The only reference I know on this stuff is Glimm & Jaffe. (There may be more accessible references somewhere in the literature. I just don't know them.)
Best Answer
Ordinary massive particles have the action equal to $$ S = -m_0\int d\tau_{\rm proper} $$ which is negative and equal to the proper time along the world line multiplied by the rest mass. However, photons classically move along time-like geodesics and all of them have a vanishing proper duration. So one couldn't say which of these "zigzag" timelike trajectories is the right one.
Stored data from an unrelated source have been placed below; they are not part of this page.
definition kclique_lipschitz :: "nat \<Rightarrow> 'a set \<Rightarrow> 'a set set \<Rightarrow> ('a set \<Rightarrow> int) \<Rightarrow> bool" where
  "kclique_lipschitz k V E h \<longleftrightarrow> (\<forall>s t t'. is_mclique (k + 1) V E s \<longrightarrow>
      is_mclique k V E t \<longrightarrow> is_mclique k V E t' \<longrightarrow> t \<subseteq> s \<longrightarrow> t' \<subseteq> s \<longrightarrow> h t - h t' \<le> 1)"

lemma kwalk_lipschitz:
  assumes w: "kwalk k V E ts ss" and h: "kclique_lipschitz k V E h"
  shows "h (hd ts) - h (last ts) \<le> int (length ss)"
proof -
  have "h (ts ! 0) - h (ts ! i) \<le> int i" if "i \<le> length ss" for i
    using that
  proof (induction i)
    case (Suc i)
    then have "i < length ss"
      by simp
    then have "is_mclique (k + 1) V E (ss ! i)" "is_mclique k V E (ts ! i)"
      "is_mclique k V E (ts ! Suc i)" "ts ! i \<subseteq> ss ! i" "ts ! Suc i \<subseteq> ss ! i"
      using w unfolding kwalk_def by auto
    then have "h (ts ! i) - h (ts ! Suc i) \<le> 1"
      using h unfolding kclique_lipschitz_def by blast
    then show ?case
      using Suc by simp
  qed simp
  then show ?thesis
    using w kwalk_last[OF w] by (force simp: kwalk_def hd_conv_nth)
qed

lemma kdist_lipschitz:
  assumes "kconnected k V E" "is_mclique k V E a" "is_mclique k V E b" "kclique_lipschitz k V E h"
  shows "h a - h b \<le> int (kdist k V E a b)"
  using kconnected_shortest_walk[OF assms(1-3)] kwalk_lipschitz assms(4) by metis

lemma kclique_lipschitz_kdist_to:
  assumes conn: "kconnected k V E" and b: "is_mclique k V E b"
  shows "kclique_lipschitz k V E (\<lambda>t. int (kdist k V E t b))"
  unfolding kclique_lipschitz_def
proof (intro allI impI)
  fix s t t'
  assume cl: "is_mclique (k + 1) V E s" "is_mclique k V E t" "is_mclique k V E t'"
    and sub: "t \<subseteq> s" "t' \<subseteq> s"
  obtain ts ss where w: "kwalk k V E ts ss" "hd ts = t'" "last ts = b" "length ss = kdist k V E t' b"
    using kconnected_shortest_walk[OF conn cl(3) b] .
  have "kwalk k V E (t # ts) (s # ss)"
    by (rule kwalk_cons) (use w cl sub in auto)
  then have "kdist k V E t b \<le> length (s # ss)"
    using kdist_le_length w by (metis kwalk_def last_ConsR list.sel(1))
  then show "int (kdist k V E t b) - int (kdist k V E t' b) \<le> 1"
    using w by simp
qed
(* Let $J$ be a non-degenerate interval and $f_{1,\infty}$ a commutative $m$-periodic sequence of continuous surjective self-maps of $J$. If $(J,f_{1,\infty})$ is weakly mixing, then $(J,f_{1,\infty})$ is Devaney chaotic.
   Context: Commutative: $f_i\circ f_j=f_j\circ f_i$ for all $i,j$. $m$-periodic: $f_{n+m}=f_n$ for all $n$. Write $f_1^n=f_n\circ\cdots\circ f_1$. Weakly mixing: for all non-empty open $U_1,U_2,V_1,V_2$ there is $n$ with $f_1^n(U_i)\cap V_i\ne\emptyset$, $i=1,2$. Topologically transitive: for all non-empty open $U,V$ some $n$ with $f_1^n(U)\cap V\ne\emptyset$. A point $x$ is periodic if there is $n$ with $f_1^{nk}(x)=x$ for every $k\in\mathbb{N}$. Sensitive: there is $\delta>0$ such that for every $x$ and every neighbourhood $U$ of $x$ there are $y\in U$, $n\in\mathbb{N}$ with $|f_1^n(x)-f_1^n(y)|>\delta$. Devaney chaotic: topologically transitive, dense set of periodic points, and sensitive. *)

theory Defs
  imports "HOL-Analysis.Analysis"
begin

text \<open>Non-autonomous system on J given by a sequence f 1, f 2, ... (index 0 unused).
  iter_seq f n = f n o ... o f 1, with iter_seq f 0 = id.\<close>
fun iter_seq :: "(nat \<Rightarrow> real \<Rightarrow> real) \<Rightarrow> nat \<Rightarrow> real \<Rightarrow> real" where
  "iter_seq f 0 = id"
| "iter_seq f (Suc n) = f (Suc n) \<circ> iter_seq f n"

definition nondegenerate_interval :: "real set \<Rightarrow> bool" where
  "nondegenerate_interval J \<longleftrightarrow> is_interval J \<and> (\<exists>a\<in>J. \<exists>b\<in>J. a < b)"

definition commutative_seq :: "real set \<Rightarrow> (nat \<Rightarrow> real \<Rightarrow> real) \<Rightarrow> bool" where
  "commutative_seq J f \<longleftrightarrow> (\<forall>i\<ge>1. \<forall>j\<ge>1. \<forall>x\<in>J. f i (f j x) = f j (f i x))"

definition periodic_seq :: "real set \<Rightarrow> nat \<Rightarrow> (nat \<Rightarrow> real \<Rightarrow> real) \<Rightarrow> bool" where
  "periodic_seq J m f \<longleftrightarrow> m \<ge> 1 \<and> (\<forall>n\<ge>1. \<forall>x\<in>J. f (n + m) x = f n x)"

definition weakly_mixing :: "real set \<Rightarrow> (nat \<Rightarrow> real \<Rightarrow> real) \<Rightarrow> bool" where
  "weakly_mixing J f \<longleftrightarrow>
    (\<forall>U1 U2 V1 V2. openin (top_of_set J) U1 \<and> U1 \<noteq> {} \<and> openin (top_of_set J) U2 \<and> U2 \<noteq> {}
       \<and> openin (top_of_set J) V1 \<and> V1 \<noteq> {} \<and> openin (top_of_set J) V2 \<and> V2 \<noteq> {}
       \<longrightarrow> (\<exists>n\<ge>1. iter_seq f n ` U1 \<inter> V1 \<noteq> {} \<and> iter_seq f n ` U2 \<inter> V2 \<noteq> {}))"

definition top_transitive :: "real set \<Rightarrow> (nat \<Rightarrow> real \<Rightarrow> real) \<Rightarrow> bool" where
  "top_transitive J f \<longleftrightarrow>
    (\<forall>U V. openin (top_of_set J) U \<and> U \<noteq> {} \<and> openin (top_of_set J) V \<and> V \<noteq> {}
       \<longrightarrow> (\<exists>n\<ge>1. iter_seq f n ` U \<inter> V \<noteq> {}))"

definition periodic_point :: "(nat \<Rightarrow> real \<Rightarrow> real) \<Rightarrow> real \<Rightarrow> bool" where
  "periodic_point f x \<longleftrightarrow> (\<exists>n\<ge>1. \<forall>k\<ge>1. iter_seq f (n * k) x = x)"

definition sensitive :: "real set \<Rightarrow> (nat \<Rightarrow> real \<Rightarrow> real) \<Rightarrow> bool" where
  "sensitive J f \<longleftrightarrow> (\<exists>\<delta>>0. \<forall>x\<in>J. \<forall>U. openin (top_of_set J) U \<and> x \<in> U \<longrightarrow>
      (\<exists>y\<in>U. \<exists>n\<ge>1. \<bar>iter_seq f n x - iter_seq f n y\<bar> > \<delta>))"

definition devaney_chaotic :: "real set \<Rightarrow> (nat \<Rightarrow> real \<Rightarrow> real) \<Rightarrow> bool" where
  "devaney_chaotic J f \<longleftrightarrow> top_transitive J f
     \<and> J \<subseteq> closure {x\<in>J. periodic_point f x}
     \<and> sensitive J f"

end

theory Submission
  imports Defs
begin

text \<open>Weak mixing gives transitivity at once, and sensitivity because a single time n must send
  every open set close to two distant points. Commutativity lets one merge two mixing requirements
  into one on smaller open sets, so any finitely many pairs of open sets are mixed at a common time,
  and by periodicity that time can be pushed to a multiple N of m. Choosing three consecutive small
  intervals L < I < R, some multiple N of m moves a point of I into L and another into R, so
  iter_seq f N - id changes sign on I and has a zero there; as m divides N, this fixed point of
  iter_seq f N is periodic.\<close>

lemma iter_seq_add:
  "iter_seq f (a + b) = iter_seq (\<lambda>k. f (a + k)) b \<circ> iter_seq f a"
  by (induction b) (simp_all add: comp_assoc)
(* In the univariate contact-tracing model (described in the context), if $\alpha>\beta>0$, then for every $T\in\mathbb{N}$, every probability distribution $D$ on $\{0,1,2,\dots\}$ and every $p_T\in(0,1]$, the policy that at every step queries a node of largest recency present in the frontier is optimal.
   Context: Univariate model. Fix $T\in\mathbb{N}$, a probability distribution $D$ on $\{0,1,2,\dots\}$, constants $p_T\in(0,1]$, $\alpha\ge 0$, and a discount parameter $\beta>0$. Every node has a recency $h\in\{0,1,\dots,T\}$. Each node (index case or child of an infected node) of recency $h$ is infected independently with probability $p(h)=p_T e^{-\alpha(T-h)}$. If a node of recency $h$ is infected, then for each $j\in\{0,\dots,h-1\}$ it has $Z_j\sim D$ children of recency $j$, all counts independent across $j$ and across nodes and independent of infection statuses. Contact tracing: at step $t=0$ the frontier is a given finite multiset of index cases with known recencies. At each step $t=0,1,2,\dots$ while the frontier is nonempty, the tracer selects one frontier node and queries it, removing it from the frontier. The query reveals its infection status; if it is infected and has recency $h$, benefit $e^{-\beta(h+t)}$ is collected and its children (with their recencies) are added to the frontier; otherwise benefit $0$ is collected and nothing is added. Nodes of the same recency are indistinguishable before being queried, so a policy is a (possibly history-dependent) rule choosing at each step which recency present in the frontier to query. A policy is optimal if for every initial frontier it maximizes the expected total collected benefit over all policies. *)

theory Defs
  imports "HOL-Probability.Probability"
begin

text \<open>Recencies are naturals; a frontier is a
multiset of recencies. A history records, for each past step, the queried recency
and the revealed outcome: None = not infected, Some C = infected with children C.\<close>

type_synonym hist = "(nat \<times> nat multiset option) list"

text \<open>A (history-dependent) policy sees the initial frontier, the history so far and
the current frontier (the latter is determined by the former two), and names a
recency to query.\<close>
type_synonym policy = "nat multiset \<Rightarrow> hist \<Rightarrow> nat multiset \<Rightarrow> nat"

definition infp :: "real \<Rightarrow> real \<Rightarrow> nat \<Rightarrow> nat \<Rightarrow> real" where
  "infp \<alpha> pT T h = pT * exp (- \<alpha> * (real T - real h))"

text \<open>Distribution of the children multiset of an infected node of recency h:
Z_j ~ D children of recency j, independently, for each j < h.\<close>
primrec kids :: "nat pmf \<Rightarrow> nat \<Rightarrow> nat multiset pmf" where
  "kids D 0 = return_pmf {#}"
| "kids D (Suc h) =
     bind_pmf (kids D h) (\<lambda>M. map_pmf (\<lambda>z. M + replicate_mset z h) D)"

text \<open>The recency actually queried: the policy's choice if present in the frontier;
an (irrelevant) default otherwise, so that every function is a legal policy.\<close>
definition qchoice :: "nat \<Rightarrow> nat multiset \<Rightarrow> nat" where
  "qchoice r F = (if r \<in># F then r else Max_mset F)"

text \<open>Expected benefit collected during the next N steps, when the history is H
(so the current step is t = length H) and the current frontier is F.\<close>
primrec val :: "real \<Rightarrow> real \<Rightarrow> real \<Rightarrow> nat \<Rightarrow> nat pmf \<Rightarrow> policy \<Rightarrow> nat multiset
    \<Rightarrow> nat \<Rightarrow> hist \<Rightarrow> nat multiset \<Rightarrow> ennreal" where
  "val \<alpha> \<beta> pT T D pol F0 0 H F = 0"
| "val \<alpha> \<beta> pT T D pol F0 (Suc N) H F =
    (if F = {#} then 0 else
      (let h = qchoice (pol F0 H F) F; t = length H; p = infp \<alpha> pT T h in
        ennreal p *
          (ennreal (exp (- \<beta> * (real h + real t)))
           + (\<integral>\<^sup>+ C. val \<alpha> \<beta> pT T D pol F0 N (H @ [(h, Some C)]) (F - {#h#} + C)
                 \<partial>measure_pmf (kids D h)))
        + ennreal (1 - p) * val \<alpha> \<beta> pT T D pol F0 N (H @ [(h, None)]) (F - {#h#})))"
Snell's law needs another step to be derived. We need to assume a constant frequency of the photon. Because the frequency is specified, the velocity of the wave packet is determined by the local wave number. This reduces the selection to trajectories in space - Snell's law only addresses light's journey through static environments - because the direction of the trajectory in time is determined at each point by the known frequency. Also, the phase contributed to the path integral is simply the phase of the light $$\exp(iKL), \quad K = 2\pi / \lambda$$ where $\lambda$ is the wavelength of the light in a given environment. If there are many environments along the path, $KL$ should be replaced by $\sum_i K_i L_i$. However, the thing we're minimizing isn't really the action, at least I don't see how to derive Snell's law directly from the principle of least action and the concepts of particles. However, if you study the action for the electromagnetic field, $$ S = -\frac{1}{4} \int d^4x F^{\mu\nu}F_{\mu\nu} $$ then I believe that if you make the Ansatz that $F$ describes a constant-frequency electromagnetic wave of a unit intensity, the action $F^2$ could be perhaps reduced to $\sum_i K_i L_i$ simply because the same Snell's law follows from the principle of least action in electromagnetism. However, this derivation wouldn't be "straightforward". For example, the description via Snell's law knows nothing about the two transverse polarizations included in Maxwell's theory.